As I said yesterday, I recently won an award. Specifically, I won the Whitney Award for Best New Author of 2009, which is an award for LDS authors–not for LDS fiction, but for fiction of any kind that happens to be written by LDS people. A lot of people don’t know that the LDS community has a very large, very healthy publishing market, covering everything from Romance to Thrillers; there are also a ton of “mainstream” authors who are LDS, including people like Tracy Hickman, Brandon Sanderson, David Farland, and Stephenie Meyer. The Whitney is relatively new (this is only its third year), but it is gaining a lot of traction and the competition is very high. This year I was up against people like John Brown, author of the incredible fantasy Servant of a Dark God, and Aprilynne Pike, author of the NYT bestseller Wings. I’m incredibly pleased (and, frankly, quite surprised) to have won.
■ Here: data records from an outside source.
lemma Lambda_set_eq: "Lambda_set T star Xd th = idempotent_stabilizer_points T star Xd th"
  unfolding Lambda_set_def idempotent_stabilizer_points_def
  using idempotent_if_nat_le_idempotent nat_le_refl by blast

lemma Lambda_grp_eq:
  assumes A: "top_partial_action T star Xd th"
  shows "Lambda_grp T (G_carrier star) (G_one star) (G_inv star) (tilde_dom Xd)
           (tilde_act star Xd th)
         = idempotent_stabilizer_points T star Xd th"
  unfolding Lambda_grp_def idempotent_stabilizer_points_def G_one_eq_idempotents
proof (intro Collect_cong conj_cong refl iffI allI impI ballI)
  fix x s
  assume "\<forall>\<gamma>\<in>G_carrier star. x \<in> tilde_dom Xd (G_inv star \<gamma>) \<and>
            tilde_act star Xd th \<gamma> x = x \<longrightarrow> \<gamma> = idempotents"
    and fix_s: "x \<in> Xd (star s) \<and> th s x = x"
  moreover have "x \<in> tilde_dom Xd (G_inv star (G_class star s))"
    using fix_s mem_G_class_self unfolding tilde_dom_def G_inv_def by blast
  ultimately have "G_class star s = idempotents"
    using tilde_act_G_class[OF A] unfolding G_carrier_def by simp
  then show "s \<in> idempotents" using mem_G_class_self by blast
next
  fix x \<gamma>
  assume stab: "\<forall>s. x \<in> Xd (star s) \<and> th s x = x \<longrightarrow> s \<in> idempotents"
    and "\<gamma> \<in> G_carrier star"
    and fix_\<gamma>: "x \<in> tilde_dom Xd (G_inv star \<gamma>) \<and> tilde_act star Xd th \<gamma> x = x"
  then obtain s where \<gamma>: "\<gamma> = G_class star s" unfolding G_carrier_def by blast
  obtain t where "t \<in> \<gamma>" "x \<in> Xd (star t)" "tilde_act star Xd th \<gamma> x = th t x"
    using fix_\<gamma> by (blast elim: tilde_act_someI)
  then have "t \<in> idempotents" "sim_rel star s t"
    using stab fix_\<gamma> \<gamma> unfolding G_class_def by auto
  then show "\<gamma> = idempotents"
    using \<gamma> sim_rel_idempotent G_class_idempotent by blast
qed

end

theorem proposition7p10:
  fixes T :: "'x topology"
    and star :: "'s::semigroup_mult \<Rightarrow> 's"
    and Xd :: "'s \<Rightarrow> 'x set"
    and th :: "'s \<Rightarrow> 'x \<Rightarrow> 'x"
  assumes "inverse_semigroup star"
    and "E_unitary star"
    and "top_partial_action T star Xd th"
  shows "top_principal T star Xd th \<longleftrightarrow>
         top_principal_grp T (G_carrier star) (G_one star) (G_inv star)
           (tilde_dom Xd) (tilde_act star Xd th)"
proof -
  interpret E_unitary_inverse_semigroup star
    using assms(1,2) by unfold_locales
  show ?thesis
    unfolding top_principal_def top_principal_grp_def Lambda_set_eq Lambda_grp_eq[OF assms(3)] ..
qed

end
The thing is, I write horror. Horror gets really stigmatized, even in mainstream circles; every year at the World Horror Convention we have at least one panel where we talk about how and why horror gets so marginalized, and what we can do to change it. Most major bookstores don’t even have a horror section anymore–Barnes & Noble shelves me in General Fiction, because there simply isn’t anywhere else to put me. So in a famously conservative religious community, I figured the reaction would be even worse–right after the nominations were announced, in fact, John Brown and I congratulated each other, laughed about how the voters wouldn’t give us a second thought, and went merrily on our way. Then last week I won for Best New Author and John won for Best Speculative Fiction. What the what?
The thing I’ve learned over the last several weeks, touring around and talking to hundreds of people about what they read, is that no matter how much we say we don’t like horror, most of us secretly love it, even if we don’t realize it. Horror as a word is stigmatized, but horror as a concept is why we love reading. Every story has a conflict–every story has something wrong that must be changed, or conquered, or survived. In thrillers, you face the horror that someone is lying to you, or means you harm. In historical fiction you face the horror of a dangerous or unconscionable situation. In romance you face the horror that you’ve given your heart to someone who doesn’t want it, and you will have to live your life alone. Horror is central to literature because it is central to life; these themes are universal because we have all experienced them, and they are valuable because experiencing them makes us stronger. Good overcomes evil, even if the only character who survives is the reader.
As my book makes the rounds, and comments trickle in through email and Twitter and in person, the most common comment I get is this: “I never read this kind of book, but I loved it.” Most people have a horror-lover somewhere inside of them, they just don’t know it. If my book can convince a few people to try something new, hooray.